* **WHAT YOU HAVE TO DO**
All lines in the data bearing the string "dots" should be identified and copied.

* **RECORDS FOR THE TASK**
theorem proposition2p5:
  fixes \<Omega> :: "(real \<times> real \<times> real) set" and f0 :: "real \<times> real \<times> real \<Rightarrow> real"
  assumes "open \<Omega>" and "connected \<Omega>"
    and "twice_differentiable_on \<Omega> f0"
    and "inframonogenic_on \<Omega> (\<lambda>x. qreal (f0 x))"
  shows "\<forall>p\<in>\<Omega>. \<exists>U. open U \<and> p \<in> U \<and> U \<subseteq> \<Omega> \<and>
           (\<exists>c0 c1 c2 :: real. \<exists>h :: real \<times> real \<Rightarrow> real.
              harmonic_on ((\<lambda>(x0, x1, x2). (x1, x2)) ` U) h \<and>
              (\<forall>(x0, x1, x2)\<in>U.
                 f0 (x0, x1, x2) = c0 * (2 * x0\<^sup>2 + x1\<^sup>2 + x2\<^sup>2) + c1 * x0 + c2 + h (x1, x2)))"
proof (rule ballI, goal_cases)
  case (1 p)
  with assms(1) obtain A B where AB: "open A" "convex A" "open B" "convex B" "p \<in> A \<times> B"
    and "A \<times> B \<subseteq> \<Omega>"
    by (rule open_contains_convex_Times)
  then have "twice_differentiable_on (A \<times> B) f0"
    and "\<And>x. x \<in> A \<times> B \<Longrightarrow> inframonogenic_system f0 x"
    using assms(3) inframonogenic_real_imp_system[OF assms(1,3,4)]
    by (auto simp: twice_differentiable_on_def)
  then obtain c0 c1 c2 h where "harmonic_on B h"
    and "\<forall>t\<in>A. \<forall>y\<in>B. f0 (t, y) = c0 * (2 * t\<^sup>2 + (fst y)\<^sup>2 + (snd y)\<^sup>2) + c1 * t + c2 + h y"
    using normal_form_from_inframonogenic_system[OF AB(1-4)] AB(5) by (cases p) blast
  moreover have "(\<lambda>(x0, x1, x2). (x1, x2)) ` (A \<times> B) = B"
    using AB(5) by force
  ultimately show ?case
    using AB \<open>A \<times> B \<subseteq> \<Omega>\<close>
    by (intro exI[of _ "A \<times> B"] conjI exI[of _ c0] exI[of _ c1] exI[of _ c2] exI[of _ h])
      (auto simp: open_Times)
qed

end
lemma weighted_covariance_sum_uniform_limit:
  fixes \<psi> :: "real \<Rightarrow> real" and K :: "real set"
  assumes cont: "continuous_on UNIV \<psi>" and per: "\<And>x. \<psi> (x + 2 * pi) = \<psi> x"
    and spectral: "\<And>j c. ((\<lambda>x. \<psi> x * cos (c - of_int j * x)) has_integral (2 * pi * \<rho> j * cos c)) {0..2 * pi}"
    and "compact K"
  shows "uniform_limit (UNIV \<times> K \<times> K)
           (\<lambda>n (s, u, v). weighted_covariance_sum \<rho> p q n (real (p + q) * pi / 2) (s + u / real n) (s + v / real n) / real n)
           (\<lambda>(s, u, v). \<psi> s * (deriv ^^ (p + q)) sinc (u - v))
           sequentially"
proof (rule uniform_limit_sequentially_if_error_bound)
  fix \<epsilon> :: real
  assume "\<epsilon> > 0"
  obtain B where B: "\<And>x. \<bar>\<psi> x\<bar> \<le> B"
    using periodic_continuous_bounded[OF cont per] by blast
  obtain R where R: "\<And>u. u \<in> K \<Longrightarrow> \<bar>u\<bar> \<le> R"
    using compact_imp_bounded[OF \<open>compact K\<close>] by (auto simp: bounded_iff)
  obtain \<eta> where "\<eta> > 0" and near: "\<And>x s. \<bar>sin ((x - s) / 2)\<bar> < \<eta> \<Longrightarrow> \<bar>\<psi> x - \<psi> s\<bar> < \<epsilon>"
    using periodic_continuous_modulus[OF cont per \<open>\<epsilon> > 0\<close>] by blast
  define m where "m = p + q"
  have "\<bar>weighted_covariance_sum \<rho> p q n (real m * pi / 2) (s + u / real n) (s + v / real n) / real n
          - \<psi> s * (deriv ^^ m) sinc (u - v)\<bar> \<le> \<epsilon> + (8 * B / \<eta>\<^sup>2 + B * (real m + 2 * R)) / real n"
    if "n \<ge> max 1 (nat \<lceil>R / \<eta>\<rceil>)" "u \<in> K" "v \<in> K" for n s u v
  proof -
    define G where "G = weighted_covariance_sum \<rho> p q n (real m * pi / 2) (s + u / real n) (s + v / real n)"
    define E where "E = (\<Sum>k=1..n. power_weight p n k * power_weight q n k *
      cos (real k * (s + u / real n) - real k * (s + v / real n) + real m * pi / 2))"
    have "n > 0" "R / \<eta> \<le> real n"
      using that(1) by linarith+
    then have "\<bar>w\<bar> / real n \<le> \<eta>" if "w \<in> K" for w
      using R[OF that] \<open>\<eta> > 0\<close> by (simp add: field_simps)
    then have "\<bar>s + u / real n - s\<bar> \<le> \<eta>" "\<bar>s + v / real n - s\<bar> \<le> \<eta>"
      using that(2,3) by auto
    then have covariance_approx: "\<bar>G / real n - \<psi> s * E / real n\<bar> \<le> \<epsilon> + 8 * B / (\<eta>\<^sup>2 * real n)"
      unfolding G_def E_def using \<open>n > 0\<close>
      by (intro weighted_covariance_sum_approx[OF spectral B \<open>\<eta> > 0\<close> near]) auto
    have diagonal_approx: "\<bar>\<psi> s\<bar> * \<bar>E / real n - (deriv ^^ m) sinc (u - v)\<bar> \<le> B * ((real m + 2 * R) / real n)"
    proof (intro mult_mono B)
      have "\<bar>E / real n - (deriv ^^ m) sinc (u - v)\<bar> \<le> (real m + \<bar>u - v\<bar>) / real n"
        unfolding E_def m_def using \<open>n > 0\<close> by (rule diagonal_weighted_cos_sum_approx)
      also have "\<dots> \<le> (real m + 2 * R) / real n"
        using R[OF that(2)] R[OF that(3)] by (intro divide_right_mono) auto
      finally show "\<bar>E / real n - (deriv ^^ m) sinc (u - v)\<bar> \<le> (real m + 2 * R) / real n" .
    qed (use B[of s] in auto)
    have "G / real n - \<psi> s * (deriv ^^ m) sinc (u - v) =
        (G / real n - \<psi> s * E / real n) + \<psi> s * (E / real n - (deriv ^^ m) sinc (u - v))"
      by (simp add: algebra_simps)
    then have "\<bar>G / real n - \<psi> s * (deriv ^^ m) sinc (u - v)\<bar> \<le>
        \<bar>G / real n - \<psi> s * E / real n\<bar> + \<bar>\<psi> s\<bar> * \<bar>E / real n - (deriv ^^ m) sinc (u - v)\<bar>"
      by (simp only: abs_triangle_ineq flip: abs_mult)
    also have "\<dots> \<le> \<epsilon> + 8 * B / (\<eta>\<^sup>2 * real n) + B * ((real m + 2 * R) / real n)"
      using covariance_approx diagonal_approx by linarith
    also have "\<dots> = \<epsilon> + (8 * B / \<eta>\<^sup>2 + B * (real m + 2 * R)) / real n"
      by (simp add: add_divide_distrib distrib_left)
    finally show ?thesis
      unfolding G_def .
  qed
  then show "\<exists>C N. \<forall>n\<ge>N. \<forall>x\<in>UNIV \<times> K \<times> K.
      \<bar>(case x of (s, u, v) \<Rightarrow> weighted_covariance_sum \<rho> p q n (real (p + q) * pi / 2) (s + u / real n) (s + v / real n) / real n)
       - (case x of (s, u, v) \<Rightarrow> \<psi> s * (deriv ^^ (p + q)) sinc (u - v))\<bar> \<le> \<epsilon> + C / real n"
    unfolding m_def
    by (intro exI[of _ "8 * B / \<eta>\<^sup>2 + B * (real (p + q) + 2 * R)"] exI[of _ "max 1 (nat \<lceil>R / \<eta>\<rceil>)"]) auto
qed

* **SOLUTION FOR THIS PROBLEM**
      also have "\<dots> \<le> (real m + 2 * R) / real n"
    also have "\<dots> \<le> \<epsilon> + 8 * B / (\<eta>\<^sup>2 * real n) + B * ((real m + 2 * R) / real n)"
    also have "\<dots> = \<epsilon> + (8 * B / \<eta>\<^sup>2 + B * (real m + 2 * R)) / real n"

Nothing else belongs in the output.